In general, for limits $x\rightarrow 0$, I would do something like this:
$$ \cos(x)\approx 1-\frac12 x^2+\frac1{24}x^4-\cdots $$ $$ \sin(x)\approx x-\frac16 x^3+\frac1{120}x^5-\cdots $$
You then can use your usual limit techniques for polynomials. As a rule of thumb, most of the time it suffices to know, that $\sin$ behaves like $x$ and $\cos$ behaves like $1$ or $1-\frac 12x^2$.
All these basically boil down to the basic limit $$ \lim_{t\to0}\frac{\sin t}{t}=1 $$ Let me show the third one.
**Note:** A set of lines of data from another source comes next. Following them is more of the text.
(* Let $G$ be a planar graph with a fixed plane embedding and coloring $\sigma$ such that $(G,\sigma)$ is color-connected, and let $(G^*,\sigma)$ be the colored dual graph. Then $(G^*,\sigma)$ is color-connected, i.e. for every color $c$ the set of dual vertices $v^*$ with $c\in\sigma(v^* )$ induces a connected subgraph of $G^*$.
   Context: $\sigma:V\to 2^{[m]}$; $(G,\sigma)$ is color-connected if for each color $c$ the vertices of $G$ whose color set contains $c$ induce a connected subgraph. $G^*$ is the planar dual of the embedded $G$ (one vertex per face, one dual edge $e^*$ crossing each edge $e$). Colored dual: for an edge $e=uv$ of $G$, $\sigma(e)=\sigma(u)\cup\sigma(v)$ and $\sigma(e^* )=\sigma(e)$; for a dual vertex $v^*$, $\sigma(v^* )$ is the union of $\sigma(e^* )$ over all dual edges $e^*$ incident to $v^*$ (equivalently, the union of $\sigma(v)$ over the vertices $v$ on the boundary of the corresponding face). *)

theory Defs
  imports "HOL-Analysis.Analysis"
begin

definition plane_graph ::
  "'v set \<Rightarrow> 'v set set \<Rightarrow> ('v \<Rightarrow> complex) \<Rightarrow> ('v set \<Rightarrow> real \<Rightarrow> complex) \<Rightarrow> bool" where
  "plane_graph V E pos arcs \<longleftrightarrow>
     finite V \<and>
     E \<subseteq> {{u, v} | u v. u \<in> V \<and> v \<in> V \<and> u \<noteq> v} \<and>
     inj_on pos V \<and>
     (\<forall>e\<in>E. arc (arcs e) \<and> {pathstart (arcs e), pathfinish (arcs e)} = pos ` e) \<and>
     (\<forall>e\<in>E. \<forall>v\<in>V. pos v \<in> path_image (arcs e) \<longrightarrow> v \<in> e) \<and>
     (\<forall>e\<in>E. \<forall>e'\<in>E. e \<noteq> e' \<longrightarrow>
        path_image (arcs e) \<inter> path_image (arcs e') \<subseteq> pos ` (e \<inter> e'))"

definition drawing :: "'v set \<Rightarrow> 'v set set \<Rightarrow> ('v \<Rightarrow> complex) \<Rightarrow> ('v set \<Rightarrow> real \<Rightarrow> complex) \<Rightarrow> complex set" where
  "drawing V E pos arcs = pos ` V \<union> (\<Union>e\<in>E. path_image (arcs e))"

text \<open>Faces: the connected components of the complement of the drawing.
  These are the vertices of the dual graph.\<close>
definition faces :: "'v set \<Rightarrow> 'v set set \<Rightarrow> ('v \<Rightarrow> complex) \<Rightarrow> ('v set \<Rightarrow> real \<Rightarrow> complex) \<Rightarrow> complex set set" where
  "faces V E pos arcs = components (- drawing V E pos arcs)"

text \<open>Edge e lies on the boundary of face f, i.e. the dual edge e* is incident to the dual vertex f.\<close>
definition edge_on_face :: "('v set \<Rightarrow> real \<Rightarrow> complex) \<Rightarrow> 'v set \<Rightarrow> complex set \<Rightarrow> bool" where
  "edge_on_face arcs e f \<longleftrightarrow> path_image (arcs e) \<subseteq> frontier f"

text \<open>Adjacency in the dual graph G*: two faces are joined by a dual edge e* iff e lies on
  the boundary of both (loops and multiplicities are irrelevant for connectivity).\<close>
definition dual_adj :: "'v set set \<Rightarrow> ('v set \<Rightarrow> real \<Rightarrow> complex) \<Rightarrow> complex set \<Rightarrow> complex set \<Rightarrow> bool" where
  "dual_adj E arcs f g \<longleftrightarrow> (\<exists>e\<in>E. edge_on_face arcs e f \<and> edge_on_face arcs e g)"

text \<open>Coloring of an edge: sigma(e) = sigma(u) \<union> sigma(v) for e = {u,v}; also the colour of e*.\<close>
definition edge_color :: "('v \<Rightarrow> nat set) \<Rightarrow> 'v set \<Rightarrow> nat set" where
  "edge_color \<sigma> e = (\<Union>u\<in>e. \<sigma> u)"

definition dual_color :: "'v set set \<Rightarrow> ('v set \<Rightarrow> real \<Rightarrow> complex) \<Rightarrow> ('v \<Rightarrow> nat set) \<Rightarrow> complex set \<Rightarrow> nat set" where
  "dual_color E arcs \<sigma> f = (\<Union>e\<in>{e\<in>E. edge_on_face arcs e f}. edge_color \<sigma> e)"

definition induces_connected :: "('a \<Rightarrow> 'a \<Rightarrow> bool) \<Rightarrow> 'a set \<Rightarrow> bool" where
  "induces_connected adj S \<longleftrightarrow>
     (\<forall>x\<in>S. \<forall>y\<in>S. (x, y) \<in> {(a, b). a \<in> S \<and> b \<in> S \<and> adj a b}\<^sup>*)"

definition color_connected :: "'v set \<Rightarrow> 'v set set \<Rightarrow> nat \<Rightarrow> ('v \<Rightarrow> nat set) \<Rightarrow> bool" where
  "color_connected V E m \<sigma> \<longleftrightarrow>
     (\<forall>c\<in>{1..m}. induces_connected (\<lambda>u v. {u, v} \<in> E) {v\<in>V. c \<in> \<sigma> v})"
lemma dt_eq_pd:
  fixes F :: "real \<times> 'a::real_normed_vector \<Rightarrow> 'b::euclidean_space"
  shows "t0 < T \<Longrightarrow> t \<in> {t0..T} \<Longrightarrow> F differentiable (at (t, x)) \<Longrightarrow>
   dt t0 T (\<lambda>s y. F (s, y)) t x = pd F (1, 0) (t, x)"
proof -
  assume "t0 < T" "t \<in> {t0..T}" and F: "F differentiable (at (t, x))"
  moreover have "((\<lambda>s. F (s, x)) has_vector_derivative pd F (1, 0) (t, x)) (at t within {t0..T})"
    by (rule has_vector_derivative_at_within, rule has_vector_derivative_time[OF F])
  ultimately show ?thesis
    unfolding dt_def using vector_derivative_within_closed_interval by blast
qed

lemma dt_eq_zero:
  fixes w :: "real \<Rightarrow> 'a \<Rightarrow> 'b::euclidean_space"
  assumes "t0 < T" "t \<in> {t0..T}" "\<And>s. s \<in> {t0..T} \<Longrightarrow> w s x = 0"
  shows "dt t0 T w t x = 0"
proof -
  have "((\<lambda>s. w s x) has_vector_derivative 0) (at t within {t0..T})"
    by (rule has_vector_derivative_transform[OF assms(2) _ has_vector_derivative_const])
       (use assms(3) in auto)
  then show ?thesis
    unfolding dt_def by (rule vector_derivative_within_closed_interval[OF assms(1,2)])
qed

lemma pd_pair_expansion:
  fixes F :: "real \<times> 'a::euclidean_space \<Rightarrow> 'b::real_normed_vector"
  assumes F: "F differentiable (at (t, x))"
  shows "pd F (0, h) (t, x) = (\<Sum>i\<in>Basis. (h \<bullet> i) *\<^sub>R pd F (0, i) (t, x))"
  using pd_euclidean_expansion[OF slice_differentiable[OF F], of h] by (simp add: pd_slice[OF F])

definition spatial_div :: "(real \<times> 'a::euclidean_space \<Rightarrow> 'a) \<Rightarrow> real \<times> 'a \<Rightarrow> real" where
  "spatial_div W p = (\<Sum>j\<in>Basis. pd W (0, j) p \<bullet> j)"

definition spatial_lap ::
  "(real \<times> 'a::euclidean_space \<Rightarrow> 'b::real_normed_vector) \<Rightarrow> real \<times> 'a \<Rightarrow> 'b" where
  "spatial_lap W p = (\<Sum>i\<in>Basis. pd (pd W (0, i)) (0, i) p)"

lemma divg_slice: "H differentiable (at (t, x)) \<Longrightarrow> divg (\<lambda>y. H (t, y)) x = spatial_div H (t, x)"
  unfolding divg_def spatial_div_def by (simp add: dirD_eq_pd pd_slice)

lemma grad_slice:
  "H differentiable (at (t, x)) \<Longrightarrow> grad (\<lambda>y. H (t, y)) x = (\<Sum>i\<in>Basis. pd H (0, i) (t, x) *\<^sub>R i)"
  unfolding grad_def by (simp add: dirD_eq_pd pd_slice)

lemma conv_slice:
  fixes H :: "real \<times> 'a::euclidean_space \<Rightarrow> 'b::real_normed_vector"
  assumes "H differentiable (at (t, x))"
  shows "conv v (\<lambda>y. H (t, y)) x = (\<Sum>i\<in>Basis. (v x \<bullet> i) *\<^sub>R pd H (0, i) (t, x))"
  unfolding conv_def dirD_eq_pd pd_slice[OF assms] by (rule pd_pair_expansion[OF assms])

context
  fixes V :: "(real \<times> 'a::euclidean_space) set" and H :: "real \<times> 'a \<Rightarrow> 'b::euclidean_space"
  assumes V: "open V" and H: "smooth_on_set V H"
begin
fun children :: "ptree \<Rightarrow> ptree list" where
  "children (Node ts) = ts"

lemma children_inject: "children s = children t \<longleftrightarrow> s = t"
  by (cases s; cases t) simp

lemma is_leaf_iff_children_Nil: "is_leaf t \<longleftrightarrow> children t = []"
  by (cases t) simp

fun plant :: "ptree list \<Rightarrow> ptree list" where
  "plant (t # ts) = Node [t] # ts"
| "plant [] = []"

fun add_leaf :: "ptree list \<Rightarrow> ptree list" where
  "add_leaf (t # ts) = Node (children t @ [Node []]) # ts"
| "add_leaf [] = []"

fun graft :: "ptree list \<Rightarrow> ptree list" where
  "graft (c # t # ts) = Node (children t @ [c]) # ts"
| "graft ts = ts"

lemma Cons_edge_in_forests:
  "ts \<in> forests m N k \<Longrightarrow> Node [Node []] # ts \<in> forests (Suc m) (Suc N) k"
  by (simp add: forests_def)

lemma plant_in_forests: "ts \<in> forests (Suc m) N k \<Longrightarrow> plant ts \<in> forests (Suc m) (Suc N) k"
  by (auto simp: forests_def length_Suc_conv)

lemma add_leaf_in_forests:
  assumes "ts \<in> forests (Suc m) N k"
  shows "add_leaf ts \<in> forests (Suc m) (Suc N) (Suc k)"
proof -
  obtain t ts' where "ts = t # ts'"
    using assms by (auto simp: forests_def length_Suc_conv)
  moreover obtain cs where "t = Node cs" by (cases t)
  moreover have "cs \<noteq> []"
    using assms calculation by (simp add: forests_def)
  then have "young_leaves (Node (cs @ [Node []])) = Suc (young_leaves (Node cs))"
    by (subst young_leaves_Node_snoc) simp_all
  ultimately show ?thesis
    using assms by (simp add: forests_def del: young_leaves.simps)
qed

lemma graft_in_forests:
  assumes "ts \<in> forests (Suc (Suc m)) N k"
  shows "graft ts \<in> forests (Suc m) (Suc N) k"
proof -
  obtain c t ts' where "ts = c # t # ts'"
    using assms by (auto simp: forests_def length_Suc_conv)
  moreover obtain cs where "t = Node cs" by (cases t)
  moreover have "cs \<noteq> []" "\<not> is_leaf c"
    using assms calculation by (simp_all add: forests_def)
  then have "young_leaves (Node (cs @ [c])) = young_leaves (Node cs) + young_leaves c"
    by (subst young_leaves_Node_snoc) simp_all
  ultimately show ?thesis
    using assms by (simp add: forests_def del: young_leaves.simps)
qed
Recall that $1-\cos2x=2\sin^2x$, so $$ \lim_{x\to0}\frac{1-\cos2x}{\tan^23x}= \lim_{x\to0}2\sin^2x\frac{\cos^23x}{\sin^23x}= \lim_{x\to0}\frac{2}{9}\cos^23x\frac{\sin^2x}{x^2}\frac{(3x)^2}{\sin^23x} $$
We start with
$$\lim_{x\to 0}{\sin{x}\over x}=\lim_{x\to 0}{\tan{x}\over x}=1$$
With this in mind we get
$$\lim_{x\to 0}{\sin^2{x}\tan{x}\over x^4}=\lim_{x\to 0}{\sin^2{x}\over x^2}{\tan{x}\over x}{1\over x}=\infty$$
$$\lim_{x\to 0}{\tan{4x}\over \sin{2x}}=\lim_{x\to 0}{\tan{4x}\over 4x}{2x\over \sin{2x}}{4x\over 2x}=2$$
The two remaining require $\sin{2x}=2\sin{x}\cos{x}$ and $1-\cos{2x}=2\sin^2{x}$ and so we have
$$\lim_{x\to 0}{1-\cos{2x}\over \tan^2{3x}}=\lim_{x\to 0}{2\sin^2{x}\over \tan^2{3x}}={2\over 9}$$
$$\lim_{x\to 0}{2\sin{x}-\sin{2x}\over x^2}=\lim_{x\to 0}{2\sin{x}(1-\cos{x})\over x^2}=\lim_{x\to 0}{4\sin{x}\sin^2{x\over 2}\over x^2}=0$$